> Supplied entries:
lemma convex_tail_minimizers_Cauchy:
  assumes u: "\<And>k. u k \<in> L2 M" and bounded: "\<And>k. L2sqnorm M (u k) \<le> B"
  obtains \<nu> where "\<And>n. convex_tail u n (\<nu> n)"
    "\<And>\<epsilon>. \<epsilon> > 0 \<Longrightarrow> \<exists>N. \<forall>n\<ge>N. \<forall>m\<ge>N. L2sqnorm M (\<lambda>\<omega>. \<nu> n \<omega> - \<nu> m \<omega>) < \<epsilon>"
proof -
  define D where "D = tail_inf_sqnorm M u"
  have "Cauchy D" unfolding D_def using convergent_tail_inf_sqnorm[OF bounded] by (rule convergent_Cauchy)
  define \<delta> where "\<delta> n = inverse (real (Suc n))" for n
  have \<delta>_antimono: "\<delta> m \<le> \<delta> n" if "n \<le> m" for n m
    using that by (simp add: \<delta>_def le_imp_inverse_le)
  have "\<exists>z. convex_tail u n z \<and> L2sqnorm M z < D n + \<delta> n" for n
    by (rule tail_inf_sqnorm_approx[of "\<delta> n"]) (auto simp: \<delta>_def D_def)
  then obtain \<nu> where \<nu>: "\<And>n. convex_tail u n (\<nu> n)"
    and \<nu>_almost_min: "\<And>n. L2sqnorm M (\<nu> n) < D n + \<delta> n"
    by metis
  have gap: "L2sqnorm M (\<lambda>\<omega>. \<nu> n \<omega> - \<nu> m \<omega>) \<le> 2 * \<bar>D m - D n\<bar> + 4 * \<delta> n"
    if "n \<le> m" for n m
    using convex_tail_diff_le[OF u \<nu> \<nu> that] \<nu>_almost_min[of n] \<nu>_almost_min[of m]
      \<delta>_antimono[OF that] abs_ge_self[of "D m - D n"]
    unfolding D_def by argo
  show ?thesis
  proof (rule that[OF \<nu>])
    fix \<epsilon> :: real assume "\<epsilon> > 0"
    then obtain N1 where N1: "\<And>m n. m \<ge> N1 \<Longrightarrow> n \<ge> N1 \<Longrightarrow> \<bar>D m - D n\<bar> < \<epsilon> / 4"
      using CauchyD[OF \<open>Cauchy D\<close>, of "\<epsilon> / 4"] by auto
    obtain N2 where N2: "\<delta> N2 < \<epsilon> / 8"
      using \<open>\<epsilon> > 0\<close> reals_Archimedean[of "\<epsilon> / 8"] by (auto simp: \<delta>_def)
    have close: "L2sqnorm M (\<lambda>\<omega>. \<nu> n \<omega> - \<nu> m \<omega>) < \<epsilon>" if "n \<le> m" "n \<ge> max N1 N2" for n m
      using gap[OF that(1)] N1[of m n] N2 \<delta>_antimono[of N2 n] that by simp
    have "L2sqnorm M (\<lambda>\<omega>. \<nu> n \<omega> - \<nu> m \<omega>) < \<epsilon>" if "n \<ge> max N1 N2" "m \<ge> max N1 N2" for n m
      using that close[of n m] close[of m n] L2sqnorm_diff_commute[of M "\<nu> n" "\<nu> m"]
      by (cases "n \<le> m") simp_all
    then show "\<exists>N. \<forall>n\<ge>N. \<forall>m\<ge>N. L2sqnorm M (\<lambda>\<omega>. \<nu> n \<omega> - \<nu> m \<omega>) < \<epsilon>" by blast
  qed
qed

lemma convex_tail_L2inner_tendsto:
  assumes u: "\<And>k. u k \<in> L2 M" and a: "a \<in> L2 M" and \<nu>: "\<And>n. convex_tail u n (\<nu> n)"
    and lim: "(\<lambda>k. L2inner M (u k) a) \<longlonglongrightarrow> l"
  shows "(\<lambda>n. L2inner M (\<nu> n) a) \<longlonglongrightarrow> l"
proof (rule LIMSEQ_I)
  fix \<epsilon> :: real assume "\<epsilon> > 0"
  then have "\<epsilon> / 2 > 0" by simp
  from LIMSEQ_D[OF lim this] obtain K where K: "\<And>k. k \<ge> K \<Longrightarrow> \<bar>L2inner M (u k) a - l\<bar> < \<epsilon> / 2"
    by auto
  have half: "\<bar>L2inner M (\<nu> n) a - l\<bar> \<le> \<epsilon> / 2" if "n \<ge> K" for n
  proof (rule convex_tail_L2inner_close[OF u a \<nu>])
    fix k assume "k \<ge> n"
    then show "\<bar>L2inner M (u k) a - l\<bar> \<le> \<epsilon> / 2" using K[of k] that by simp
  qed
  have "norm (L2inner M (\<nu> n) a - l) < \<epsilon>" if "n \<ge> K" for n
    using half[OF that] \<open>\<epsilon> > 0\<close> by simp
  then show "\<exists>K. \<forall>n\<ge>K. norm (L2inner M (\<nu> n) a - l) < \<epsilon>" by blast
qed

lemma L2inner_tendsto:
  assumes s: "\<And>n. s n \<in> L2 M" and v: "v \<in> L2 M" and a: "a \<in> L2 M"
    and lim: "(\<lambda>n. L2sqnorm M (\<lambda>\<omega>. s n \<omega> - v \<omega>)) \<longlonglongrightarrow> 0"
  shows "(\<lambda>n. L2inner M (s n) a) \<longlonglongrightarrow> L2inner M v a"
proof -
  have bound: "\<bar>L2inner M (s n) a - L2inner M v a\<bar> \<le> L2norm M (\<lambda>\<omega>. s n \<omega> - v \<omega>) * L2norm M a"
    for n
    using L2inner_abs_le[OF L2_diff[OF s v] a] by (simp add: L2inner_diff_left[OF s v a])
  have "(\<lambda>n. L2norm M (\<lambda>\<omega>. s n \<omega> - v \<omega>) * L2norm M a) \<longlonglongrightarrow> 0"
    using tendsto_real_sqrt[OF lim] by (simp add: L2norm_eq_sqrt tendsto_mult_left_zero)
  then have "(\<lambda>n. L2inner M (s n) a - L2inner M v a) \<longlonglongrightarrow> 0"
    by (rule Lim_null_comparison[OF always_eventually, rotated]) (simp add: bound)
  then show ?thesis by (simp add: LIM_zero_iff)
qed
(* (1) If $\mathfrak G$ is a descriptive $\multimap$-frame, then $\hat\sigma\mathfrak G$ is a descriptive S4K-frame. (2) If $\mathfrak F$ is a descriptive S4K-frame, then $\hat\rho\mathfrak F$ is a descriptive $\multimap$-frame.
   Context: General $\multimap$-frame $(X,\preceq,\sqsubset,P)$: $\preceq$ partial order, $x\preceq y\sqsubset z\Rightarrow x\sqsubset z$, $P$ a family of $\preceq$-upsets containing $X,\emptyset$, closed under $\cap,\cup$, $a\Rightarrow b=\{x\mid\forall y(x\preceq y,y\in a\Rightarrow y\in b)\}$, $a\Rrightarrow b=\{x\mid\forall y(x\sqsubset y,y\in a\Rightarrow y\in b)\}$. It is descriptive if compact (any subfamily of $P\cup\{X\setminus a\mid a\in P\}$ with the finite intersection property has nonempty intersection), $\preceq$-refined ($x\not\preceq y\Rightarrow\exists a\in P$, $x\in a$, $y\notin a$) and $\sqsubset$-refined (not $x\sqsubset y\Rightarrow\exists a,b\in P$ with $x\in a\Rrightarrow b$, $y\in a$, $y\notin b$). General S4K-frame $(X,R_i,R_m,P)$: $R_i$ preorder, $R_m$ binary relation, $P$ Boolean subalgebra of $\mathcal P(X)$ closed under $[i]a=\{x\mid\forall y(xR_iy\Rightarrow y\in a)\}$ and $[m]a$ (likewise with $R_m$). It is descriptive if differentiated ($x\ne y\Rightarrow\exists a\in P$, $x\in a$, $y\notin a$), tight (for $R\in\{R_i,R_m\}$: $xRy$ iff for all $a\in P$, $x\in[R]a$ implies $y\in a$) and compact (every subfamily of $P$ with the finite intersection property has nonempty intersection). $\hat\sigma(X,\preceq,\sqsubset,P):=(X,\preceq,\sqsubset,\hat\sigma P)$ with $\hat\sigma P$ the Boolean algebra generated by $P$. For $\mathfrak F=(X,R_i,R_m,P)$: $xR_m^*z$ iff $\exists y(xR_iy\wedge yR_mz)$; $x\sim y$ iff $xR_iy\wedge yR_ix$; $[x]$ its class, $[X]$ the set of classes; $[x][R_i][y]$ iff $xR_iy$; $[x][R_m^*][y]$ iff $xR_m^*y'$ for some $y'\sim y$; $\hat\rho P:=\{\{[x]\mid x\in[i]b\}\mid b\in P\}$; $\hat\rho\mathfrak F:=([X],[R_i],[R_m^*],\hat\rho P)$. *)

theory Defs
  imports Main
begin

definition fip :: "'a set \<Rightarrow> 'a set set \<Rightarrow> bool" where
  "fip X F \<longleftrightarrow> (\<forall>G. G \<subseteq> F \<and> finite G \<longrightarrow> X \<inter> \<Inter>G \<noteq> {})"

definition upset :: "'a set \<Rightarrow> ('a \<Rightarrow> 'a \<Rightarrow> bool) \<Rightarrow> 'a set \<Rightarrow> bool" where
  "upset X le a \<longleftrightarrow> a \<subseteq> X \<and> (\<forall>x y. x \<in> a \<and> le x y \<longrightarrow> y \<in> a)"

definition imp_le :: "'a set \<Rightarrow> ('a \<Rightarrow> 'a \<Rightarrow> bool) \<Rightarrow> 'a set \<Rightarrow> 'a set \<Rightarrow> 'a set" where
  "imp_le X le a b = {x \<in> X. \<forall>y. le x y \<and> y \<in> a \<longrightarrow> y \<in> b}"

definition imp_sq :: "'a set \<Rightarrow> ('a \<Rightarrow> 'a \<Rightarrow> bool) \<Rightarrow> 'a set \<Rightarrow> 'a set \<Rightarrow> 'a set" where
  "imp_sq X sq a b = {x \<in> X. \<forall>y. sq x y \<and> y \<in> a \<longrightarrow> y \<in> b}"

definition general_mframe ::
  "'a set \<Rightarrow> ('a \<Rightarrow> 'a \<Rightarrow> bool) \<Rightarrow> ('a \<Rightarrow> 'a \<Rightarrow> bool) \<Rightarrow> 'a set set \<Rightarrow> bool" where
  "general_mframe X le sq P \<longleftrightarrow>
     (\<forall>x y. le x y \<longrightarrow> x \<in> X \<and> y \<in> X) \<and>
     (\<forall>x y. sq x y \<longrightarrow> x \<in> X \<and> y \<in> X) \<and>
     (\<forall>x\<in>X. le x x) \<and>
     (\<forall>x y z. le x y \<and> le y z \<longrightarrow> le x z) \<and>
     (\<forall>x y. le x y \<and> le y x \<longrightarrow> x = y) \<and>
     (\<forall>x y z. le x y \<and> sq y z \<longrightarrow> sq x z) \<and>
     (\<forall>a\<in>P. upset X le a) \<and> X \<in> P \<and> {} \<in> P \<and>
     (\<forall>a\<in>P. \<forall>b\<in>P. a \<inter> b \<in> P \<and> a \<union> b \<in> P \<and>
                      imp_le X le a b \<in> P \<and> imp_sq X sq a b \<in> P)"

definition descriptive_mframe ::
  "'a set \<Rightarrow> ('a \<Rightarrow> 'a \<Rightarrow> bool) \<Rightarrow> ('a \<Rightarrow> 'a \<Rightarrow> bool) \<Rightarrow> 'a set set \<Rightarrow> bool" where
  "descriptive_mframe X le sq P \<longleftrightarrow>
     general_mframe X le sq P \<and>
     (\<forall>F. F \<subseteq> P \<union> {X - a | a. a \<in> P} \<and> fip X F \<longrightarrow> X \<inter> \<Inter>F \<noteq> {}) \<and>
     (\<forall>x\<in>X. \<forall>y\<in>X. \<not> le x y \<longrightarrow> (\<exists>a\<in>P. x \<in> a \<and> y \<notin> a)) \<and>
     (\<forall>x\<in>X. \<forall>y\<in>X. \<not> sq x y \<longrightarrow>
        (\<exists>a\<in>P. \<exists>b\<in>P. x \<in> imp_sq X sq a b \<and> y \<in> a \<and> y \<notin> b))"

definition box :: "'a set \<Rightarrow> ('a \<Rightarrow> 'a \<Rightarrow> bool) \<Rightarrow> 'a set \<Rightarrow> 'a set" where
  "box X R a = {x \<in> X. \<forall>y. R x y \<longrightarrow> y \<in> a}"

definition general_S4K ::
  "'a set \<Rightarrow> ('a \<Rightarrow> 'a \<Rightarrow> bool) \<Rightarrow> ('a \<Rightarrow> 'a \<Rightarrow> bool) \<Rightarrow> 'a set set \<Rightarrow> bool" where
  "general_S4K X Ri Rm P \<longleftrightarrow>
     (\<forall>x y. Ri x y \<longrightarrow> x \<in> X \<and> y \<in> X) \<and>
     (\<forall>x y. Rm x y \<longrightarrow> x \<in> X \<and> y \<in> X) \<and>
     (\<forall>x\<in>X. Ri x x) \<and>
     (\<forall>x y z. Ri x y \<and> Ri y z \<longrightarrow> Ri x z) \<and>
     P \<subseteq> Pow X \<and> {} \<in> P \<and> X \<in> P \<and>
     (\<forall>a\<in>P. X - a \<in> P \<and> box X Ri a \<in> P \<and> box X Rm a \<in> P) \<and>
     (\<forall>a\<in>P. \<forall>b\<in>P. a \<inter> b \<in> P \<and> a \<union> b \<in> P)"

definition descriptive_S4K ::
  "'a set \<Rightarrow> ('a \<Rightarrow> 'a \<Rightarrow> bool) \<Rightarrow> ('a \<Rightarrow> 'a \<Rightarrow> bool) \<Rightarrow> 'a set set \<Rightarrow> bool" where
  "descriptive_S4K X Ri Rm P \<longleftrightarrow>
     general_S4K X Ri Rm P \<and>
     (\<forall>x\<in>X. \<forall>y\<in>X. x \<noteq> y \<longrightarrow> (\<exists>a\<in>P. x \<in> a \<and> y \<notin> a)) \<and>
     (\<forall>x\<in>X. \<forall>y\<in>X. Ri x y \<longleftrightarrow> (\<forall>a\<in>P. x \<in> box X Ri a \<longrightarrow> y \<in> a)) \<and>
     (\<forall>x\<in>X. \<forall>y\<in>X. Rm x y \<longleftrightarrow> (\<forall>a\<in>P. x \<in> box X Rm a \<longrightarrow> y \<in> a)) \<and>
     (\<forall>F. F \<subseteq> P \<and> fip X F \<longrightarrow> X \<inter> \<Inter>F \<noteq> {})"

inductive_set sigma_hat :: "'a set \<Rightarrow> 'a set set \<Rightarrow> 'a set set"
  for X :: "'a set" and P :: "'a set set" where
  gen: "a \<in> P \<Longrightarrow> a \<in> sigma_hat X P"
| top: "X \<in> sigma_hat X P"
| compl: "a \<in> sigma_hat X P \<Longrightarrow> X - a \<in> sigma_hat X P"
| inter: "a \<in> sigma_hat X P \<Longrightarrow> b \<in> sigma_hat X P \<Longrightarrow> a \<inter> b \<in> sigma_hat X P"
| union: "a \<in> sigma_hat X P \<Longrightarrow> b \<in> sigma_hat X P \<Longrightarrow> a \<union> b \<in> sigma_hat X P"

> Instructions to follow: Copy out every line of the records that the string "proof" appears in.

> Result:
proof -
  proof (rule that[OF \<nu>])
proof (rule LIMSEQ_I)
  proof (rule convex_tail_L2inner_close[OF u a \<nu>])
proof -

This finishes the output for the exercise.